Mirror, Mirror on the Wall
What Do You See When You Look in The Mirror?
Will the mirror respond as it did in Snow White, saying you’re the fairest of all? Will it be silent or worse yet — will it say everyone else is fairer?
Have you ever considered that when you look in the mirror, you’re not seeing what you actually look like?
A psychologist told me years ago that what we see in the mirror is directly tied to the body image we hold of ourselves. A person can be physically stunning, but if they have a negative body image, what they see in the mirror has little to do with reality. As Thomas F. Cash, PhD put it, “It’s a state of mind.”
He says there’s an inner voice we each have that pretty much controls how we see ourselves and how we see the world around us in relation to ourselves.
Cash wrote a book in the mid-1990s called What Do You See When You Look in the Mirror? It’s an eight-step program that “helps readers to devalue stereotypes, overcome self-consciousness, end self-defeating behavior, and establish healthy thinking patterns.”
He wanted to help people understand how our looks and inner body image intertwine and profoundly affect our lives.
I wish the book had been written 40 or 50 years before. When I was growing up, I viewed myself as a very awkward, shy, gangly girl; skinny as a rail with curly, kinky hair and nearsighted — pretty much not worth much.
What I was seeing at the time had a tremendously negative impact on me.
When I reached my 20s, I realized the career I wanted required me to be outgoing and strong. Every day for years, I put on my executive façade that hid what my inner voice was telling me and went to work.
People assumed I was how I appeared on the outside — an executive who “had it all.” I just prayed my façade wouldn’t let me down.
It wasn’t until I read Dr. Cash’s book that I began to understand most of what I felt about myself stemmed from how that little voice inside of me talked to me about me from the time I was a young girl.
It really didn’t matter what other people said about me — I only believed my inner mirror voice.
In his book, Cash explains his program helps people create a new body image in their head, or what he calls your “new inner voice.” He describes techniques ranging from relaxation to visualization that a person can utilize to find their new inner voice.

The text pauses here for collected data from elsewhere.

(* Let $G=(V,E)$ be a DAG with $n=|V|$ nodes that is $(e,d)$-reducible. Then $\Pi^{BW}_{cc}(G)\le\frac{e(e+1)}{2}+dn$. In particular, for every constant $\Delta$ there is a constant $C$ such that every DAG $G$ on $n\ge 3$ nodes with maximum indegree at most $\Delta$ satisfies $\Pi^{BW}_{cc}(G)\le C\left(\frac{n\log\log n}{\log n}\right)^2$.
   Context: For a DAG $G$, $\mathsf{depth}(G)$ is the number of nodes on a longest directed path; $G-S$ is $G$ with the nodes of $S$ and incident edges removed. $G$ is $(e,d)$-reducible if there is $S\subseteq V$ with $|S|\le e$ and $\mathsf{depth}(G-S)\le d$. A parallel-black sequential-white pebbling of $G=(V,E)$ is a sequence $P=(P_0,\ldots,P_t)$ of pairs $P_i=(P_i^B,P_i^W)$ of subsets of $V$ such that: $P_0=(\emptyset,\emptyset)$; $P_t^W=\emptyset$; $|P_i^W\setminus P_{i-1}^W|\le1$ for all $i\in[t]$; for all $i\in[t]$, if $x\in P_{i-1}^W\setminus P_i^W$ then $\mathsf{parents}(x)\subseteq P_{i-1}^W\cup P_{i-1}^B$; for all $i\in[t]$, if $x\in P_i^B\setminus P_{i-1}^B$ then $\mathsf{parents}(x)\subseteq P_{i-1}^W\cup P_{i-1}^B$; and every sink $x$ of $G$ lies in $P_z^W\cup P_z^B$ for some $z\le t$. $\Pi^{BW}_{cc}(G)=\min_P\sum_{i=1}^t|P_i^B\cup P_i^W|$ over all such pebblings. *)

theory Defs
  imports Complex_Main
begin

definition is_dag :: "'a set \<Rightarrow> ('a \<times> 'a) set \<Rightarrow> bool" where
  "is_dag V E \<longleftrightarrow> finite V \<and> E \<subseteq> V \<times> V \<and> acyclic E"

definition parents :: "('a \<times> 'a) set \<Rightarrow> 'a \<Rightarrow> 'a set" where
  "parents E v = {u. (u, v) \<in> E}"

definition is_sink :: "'a set \<Rightarrow> ('a \<times> 'a) set \<Rightarrow> 'a \<Rightarrow> bool" where
  "is_sink V E v \<longleftrightarrow> v \<in> V \<and> (\<forall>w. (v, w) \<notin> E)"

definition is_path :: "'a set \<Rightarrow> ('a \<times> 'a) set \<Rightarrow> 'a list \<Rightarrow> bool" where
  "is_path V E xs \<longleftrightarrow> xs \<noteq> [] \<and> set xs \<subseteq> V \<and>
     (\<forall>i. Suc i < length xs \<longrightarrow> (xs ! i, xs ! Suc i) \<in> E)"

text \<open>Number of nodes on a longest directed path (0 for the empty graph).\<close>
definition depth :: "'a set \<Rightarrow> ('a \<times> 'a) set \<Rightarrow> nat" where
  "depth V E = Sup (length ` {xs. is_path V E xs})"

text \<open>G - S : remove the nodes of S and incident edges.\<close>
definition del_edges :: "'a set \<Rightarrow> ('a \<times> 'a) set \<Rightarrow> 'a set \<Rightarrow> ('a \<times> 'a) set" where
  "del_edges V E S = E \<inter> ((V - S) \<times> (V - S))"

definition reducible :: "'a set \<Rightarrow> ('a \<times> 'a) set \<Rightarrow> nat \<Rightarrow> nat \<Rightarrow> bool" where
  "reducible V E e d \<longleftrightarrow> (\<exists>S. S \<subseteq> V \<and> card S \<le> e \<and> depth (V - S) (del_edges V E S) \<le> d)"

text \<open>Parallel-black sequential-white pebbling P_0..P_t; P i = (black set, white set).\<close>
definition bw_pebbling :: "'a set \<Rightarrow> ('a \<times> 'a) set \<Rightarrow> (nat \<Rightarrow> 'a set \<times> 'a set) \<Rightarrow> nat \<Rightarrow> bool" where
  "bw_pebbling V E P t \<longleftrightarrow>
     P 0 = ({}, {}) \<and>
     snd (P t) = {} \<and>
     (\<forall>i\<le>t. fst (P i) \<subseteq> V \<and> snd (P i) \<subseteq> V) \<and>
     (\<forall>i\<in>{1..t}. card (snd (P i) - snd (P (i - 1))) \<le> 1) \<and>
     (\<forall>i\<in>{1..t}. \<forall>x \<in> snd (P (i - 1)) - snd (P i).
         parents E x \<subseteq> snd (P (i - 1)) \<union> fst (P (i - 1))) \<and>
     (\<forall>i\<in>{1..t}. \<forall>x \<in> fst (P i) - fst (P (i - 1)).
         parents E x \<subseteq> snd (P (i - 1)) \<union> fst (P (i - 1))) \<and>
     (\<forall>x. is_sink V E x \<longrightarrow> (\<exists>z\<le>t. x \<in> snd (P z) \<union> fst (P z)))"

Most of what he suggests has its roots in cognitive therapy techniques. He also suggests you keep a body-image diary to help you conquer self-defeating behavior, which in essence changes your thinking. It is designed to alleviate — if not fully stop — self conscious, anxious behavior.
Along the way, and with a lot of work, I discovered another mirror. It’s not the one I look in when I’m getting dressed; it’s the one I discovered inside of me — my inner mirror, the one I found after I learned to stop listening to the destructive voice in my head.
When do you find this mirror? I find it when I close my eyes and blank out everything around me.
I love this mirror (at least most of the time). It’s all mine. When I’m in that space, my everyday stress level seems to evaporate, my breathing slows down.
I’ve been told it’s my parasympathetic nervous system, one of the two divisions of the automatic nervous system. The parasympathetic one is responsible for regulating the body’s unconscious actions, such as fight or flight.
As my growth in this area continued, I found Deepak Chopra, an Indian-American author, public speaker, physician and founder of the Chopra Center for Wellbeing. He is the author of more than 80 books, and to his credit, 22 of his books have become New York Times bestsellers.
The Chopra Center website has everything from programs to services, all in pursuit of the Center’s mission of serving “as the global source for balance, healing, transformation, and the expansion of awareness.”
I continue my journey, with help from websites like The Chopra Center, to find out more about my inner self and what I see in the mirror of my soul. Some of the other websites I’ve found and journey through as I have time are:
Frankly, the older I get, the more I’m at peace — not only with what I see in the mirror of my soul, but with what I see reflecting back at me from the mirror hanging on the wall.
I’ve become much more tolerant not only toward myself, but others as well. I’ve even begun to like my quirks: the way my eyes shut when I’m laughing, the wrinkles that have come with experiencing life, my now gray and curly hair.
I’m now on a quest to find some yoga classes that will help me on my continued quest for serenity, and perhaps a college class or two that will delve into the religions of the world that emphasize inner peace. I’ve always been fascinated by Buddhism and its eternal quest for Nirvana.
I hope you’ll join me — it’s a journey worth taking!